O suicídio e a loucura.

14. A calma e a resignação hauridas da maneira de considerar a vida terrestre e da confiança no futuro dão ao espírito uma serenidade que é o melhor preservativo contra a loucura e o suicídio. Com efeito, é certo que a maioria dos casos de loucura se deve à comoção produzida pelas vicissitudes que o homem não tem a coragem de suportar. Ora, se encarando as coisas deste mundo da maneira por que o Espiritismo faz que ele as considere, o homem recebe com indiferença, mesmo com alegria, os reveses e as decepções que o houveram desesperado noutras circunstâncias, evidente se torna que essa força, que o coloca acima dos acontecimentos, lhe preserva de abalos a razão, os quais, se não fora isso, a conturbariam.

15. O mesmo ocorre com o suicídio. Postos de lado os que se dão em estado de embriaguez e de loucura, aos quais se pode chamar de inconscientes, é incontestável que tem ele sempre por causa um descontentamento, quaisquer que sejam os motivos particulares que se lhe apontem. Ora, aquele que está certo de que só é desventurado por um dia e que melhores serão os dias que hão de vir, enche-se facilmente de paciência. Só se desespera quando nenhum termo divisa para os seus sofrimentos. E que é a vida humana, com relação à eternidade, senão bem menos que um dia? Mas, para o que não crê na eternidade e julga que com a vida tudo se acaba, se os infortúnios e as aflições o acabrunham, unicamente na morte vê uma solução para as suas amarguras. Nada esperando, acha muito natural, muito lógico mesmo, abreviar pelo suicídio as suas misérias.

16. A incredulidade, a simples dúvida sobre o futuro, as ideias materialistas, numa palavra, são os maiores incitantes ao suicídio; ocasionam a covardia moral. Quando homens de ciência, apoiados na autoridade do seu saber, se esforçam por provar aos que os ouvem ou leem que estes nada têm a esperar depois da morte, não estão de fato levando-os a deduzir que, se são desgraçados, coisa melhor não lhes resta senão se matarem? Que lhes poderiam dizer para desviá-los dessa consequência? Que compensação lhes podem oferecer? Que esperança lhes podem dar? Nenhuma, a não ser o nada. Daí se deve concluir que, se o nada é o único remédio heroico, a única perspectiva, mais vale buscá-lo imediatamente e não mais tarde, para sofrer por menos tempo.

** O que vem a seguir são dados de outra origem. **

lemma tzero3_linear_extension_trilinear:
  assumes m: "module sm" and f: "trilinear_map sx sy sz sm f" and u: "u \<in> tzero3 sx sy sz"
  shows "finite {p. u p \<noteq> 0} \<and> linear_extension sm (\<lambda>(x, y, z). f x y z) u = 0"
  using u
proof (induction rule: tzero3.induct)
  case z
  then show ?case by (simp add: linear_extension_def)
next
  case (add u v)
  then show ?case
    by (auto simp: module.linear_extension_add[OF m]
        intro: finite_subset[of _ "{p. u p \<noteq> 0} \<union> {p. v p \<noteq> 0}"])
next
  case (smult u c)
  then show ?case
    by (auto simp: module.linear_extension_scale[OF m] module.scale_zero_right[OF m]
        intro: finite_subset[of _ "{p. u p \<noteq> 0}"])
qed (rule module.linear_extension_additivity_relation[OF m]
    module.linear_extension_homogeneity_relation[OF m],
    use f in \<open>simp add: trilinear_map_def\<close>)+

lemma teq2_sum_bilinear:
  assumes m: "module sm" and f: "bilinear_map sx sy sm f" and "teq2 sx sy xs ys"
  shows "(\<Sum>(x, y)\<leftarrow>xs. f x y) = (\<Sum>(x, y)\<leftarrow>ys. f x y)"
proof -
  have "linear_extension sm (\<lambda>(x, y). f x y) (\<lambda>p. fsum xs p - fsum ys p) = 0"
    using tzero2_linear_extension_bilinear[OF m f] assms(3) unfolding teq2_def by blast
  then show ?thesis
    by (simp add: module.linear_extension_diff[OF m] finite_support_fsum
        module.linear_extension_fsum[OF m])
qed

lemma teq3_sum_trilinear:
  assumes m: "module sm" and f: "trilinear_map sx sy sz sm f" and "teq3 sx sy sz xs ys"
  shows "(\<Sum>(x, y, z)\<leftarrow>xs. f x y z) = (\<Sum>(x, y, z)\<leftarrow>ys. f x y z)"
proof -
  have "linear_extension sm (\<lambda>(x, y, z). f x y z) (\<lambda>p. fsum xs p - fsum ys p) = 0"
    using tzero3_linear_extension_trilinear[OF m f] assms(3) unfolding teq3_def by blast
  then show ?thesis
    by (simp add: module.linear_extension_diff[OF m] finite_support_fsum
        module.linear_extension_fsum[OF m])
qed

A propagação das doutrinas materialistas é, pois, o veneno que inocula a ideia do suicídio na maioria dos que se suicidam, e os que se constituem apóstolos de semelhantes doutrinas assumem tremenda responsabilidade. Com o Espiritismo, tornada impossível a dúvida, muda o aspecto da vida. O crente sabe que a existência se prolonga indefinidamente para lá do túmulo, mas em condições muito diversas; donde a paciência e a resignação que o afastam muito naturalmente de pensar no suicídio; donde, em suma, a coragem moral.

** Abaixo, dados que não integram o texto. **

lemma Qp_ring_field: "field (Qp_ring p)"
proof -
  have [simp]: "carrier (Qp_ring p) = Qp p" "monoid.mult (Qp_ring p) = qp_mult p"
    "one (Qp_ring p) = qp_one p" "zero (Qp_ring p) = qp_zero p" "add (Qp_ring p) = qp_add p"
    by (simp_all add: Qp_ring_def)
  have cring: "cring (Qp_ring p)"
  proof (rule cringI[OF abelian_groupI comm_monoidI])
    fix x assume "x \<in> carrier (Qp_ring p)"
    then obtain u where u: "padic_cauchy p u" "x = qp_class p u" by (auto elim: Qp_cases)
    show "\<exists>y\<in>carrier (Qp_ring p). y \<oplus>\<^bsub>Qp_ring p\<^esub> x = \<zero>\<^bsub>Qp_ring p\<^esub>"
      using u by (intro bexI[of _ "qp_class p (\<lambda>n. - u n)"]) (simp_all add: qp_class_ops)
  qed (auto elim!: Qp_cases simp: qp_class_ops algebra_simps)
  show ?thesis
  proof (rule cring.cring_fieldI2[OF cring], simp_all)
    show "qp_zero p \<noteq> qp_one p"
    proof
      assume "qp_zero p = qp_one p"
      hence "padic_equiv p (\<lambda>n. 0) (\<lambda>n. 1)" by (simp add: qp_zero_def qp_one_def qp_class_eq_iff)
      thus False unfolding padic_equiv_def by (simp add: LIMSEQ_const_iff)
    qed
  next
    fix a assume a: "a \<in> Qp p" "a \<noteq> qp_zero p"
    then obtain x where x: "padic_cauchy p x" "a = qp_class p x" by (elim Qp_cases)
    have "\<not> padic_equiv p x (\<lambda>n. 0)"
      using a(2) qp_class_eqI[of x "\<lambda>n. 0"] unfolding x(2) qp_zero_def by blast
    note inv = padic_cauchy_inverse[OF x(1) this]
    have "qp_mult p a (qp_class p (\<lambda>n. inverse (x n))) = qp_class p (\<lambda>n. x n * inverse (x n))"
      unfolding x(2) using x(1) inv(1) by (rule qp_mult_class)
    also have "\<dots> = qp_one p" unfolding qp_one_def using inv(2) by (rule qp_class_eqI)
    finally show "\<exists>b\<in>Qp p. qp_mult p a b = qp_one p" using qp_class_in_Qp[OF inv(1)] by blast
  qed
qed

abbreviation R where "R \<equiv> Qp_ring p"

sublocale R: field R by (rule Qp_ring_field)

lemma Qp_ring_simps:
  "carrier R = Qp p" "x \<oplus>\<^bsub>R\<^esub> y = qp_add p x y" "x \<otimes>\<^bsub>R\<^esub> y = qp_mult p x y"
  "\<zero>\<^bsub>R\<^esub> = qp_zero p" "\<one>\<^bsub>R\<^esub> = qp_one p"
  by (simp_all add: Qp_ring_def)

lemma Qp_ring_cases:
  assumes "x \<in> carrier R"
  obtains u where "padic_cauchy p u" "x = qp_class p u"
  using assms Qp_cases unfolding Qp_ring_simps by blast

lemma Qp_ring_minus_class: "padic_cauchy p u \<Longrightarrow> \<ominus>\<^bsub>R\<^esub> qp_class p u = qp_class p (\<lambda>n. - u n)"
  by (rule R.minus_equality) (simp_all add: Qp_ring_simps qp_class_ops)

lemma qp_sub_eq: "x \<in> carrier R \<Longrightarrow> y \<in> carrier R \<Longrightarrow> qp_sub p x y = x \<ominus>\<^bsub>R\<^esub> y"
  by (elim Qp_ring_cases)
    (simp add: a_minus_def Qp_ring_minus_class Qp_ring_simps qp_class_ops)

lemma qp_norm_nonneg [simp]: "x \<in> carrier R \<Longrightarrow> qp_norm p x \<ge> 0"
  by (elim Qp_ring_cases) (simp add: LIMSEQ_le_const[OF qp_norm_class])

lemma qp_norm_mult:
  "x \<in> carrier R \<Longrightarrow> y \<in> carrier R \<Longrightarrow> qp_norm p (x \<otimes>\<^bsub>R\<^esub> y) = qp_norm p x * qp_norm p y"
proof (elim Qp_ring_cases)
  fix u v assume uv: "padic_cauchy p u" "x = qp_class p u" "padic_cauchy p v" "y = qp_class p v"
  have "(\<lambda>n. padic_abs p (u n * v n)) \<longlonglongrightarrow> qp_norm p x * qp_norm p y"
    unfolding padic_abs_mult uv by (intro tendsto_mult qp_norm_class uv)
  moreover have "(\<lambda>n. padic_abs p (u n * v n)) \<longlonglongrightarrow> qp_norm p (x \<otimes>\<^bsub>R\<^esub> y)"
    using qp_norm_class[of "\<lambda>n. u n * v n"] uv by (simp add: Qp_ring_simps qp_class_ops)
  ultimately show ?thesis using LIMSEQ_unique by blast
qed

17. O Espiritismo ainda produz, sob esse aspecto, outro resultado igualmente positivo e talvez mais decisivo. Apresenta-nos os próprios suicidas a informar-nos da situação desgraçada em que se encontram e a provar que ninguém viola impunemente a lei de Deus, que proíbe ao homem encurtar a sua vida. Entre os suicidas, alguns há cujos sofrimentos, nem por serem temporários e não eternos, não são menos terríveis e de natureza a fazer refletir os que porventura pensam em daqui sair, antes que Deus o haja ordenado. O espírita tem, assim, vários motivos a contra por à ideia do suicídio: a certeza de uma vida futura, em que, sabe-o ele, será tanto mais ditoso, quanto mais inditoso e resignado haja sido na Terra: a certeza de que, abreviando seus dias, chega, precisamente, a resultado oposto ao que esperava; que se liberta de um mal, para incorrer num mal pior, mais longo e mais terrível; que se engana, imaginando que, com o matar-se, vai mais depressa para o céu; que o suicídio é um obstáculo a que no outro mundo ele se reúna aos que foram objeto de suas afeições e aos quais esperava encontrar; donde a consequência de que o suicídio, só lhe trazendo decepções, é contrário aos seus próprios interesses. Por isso mesmo, considerável já é o número dos que têm sido, pelo Espiritismo, obstados de suicidar-se, podendo daí concluir-se que, quando todos os homens forem espíritas, deixará de haver suicídios conscientes. Comparando-se, então, os resultados que as doutrinas materialistas produzem com os que decorrem da doutrina espírita, somente do ponto de vista do suicídio, forçoso será reconhecer que, enquanto a lógica das primeiras a ele conduz, a da outra o evita, fato que a experiência confirma.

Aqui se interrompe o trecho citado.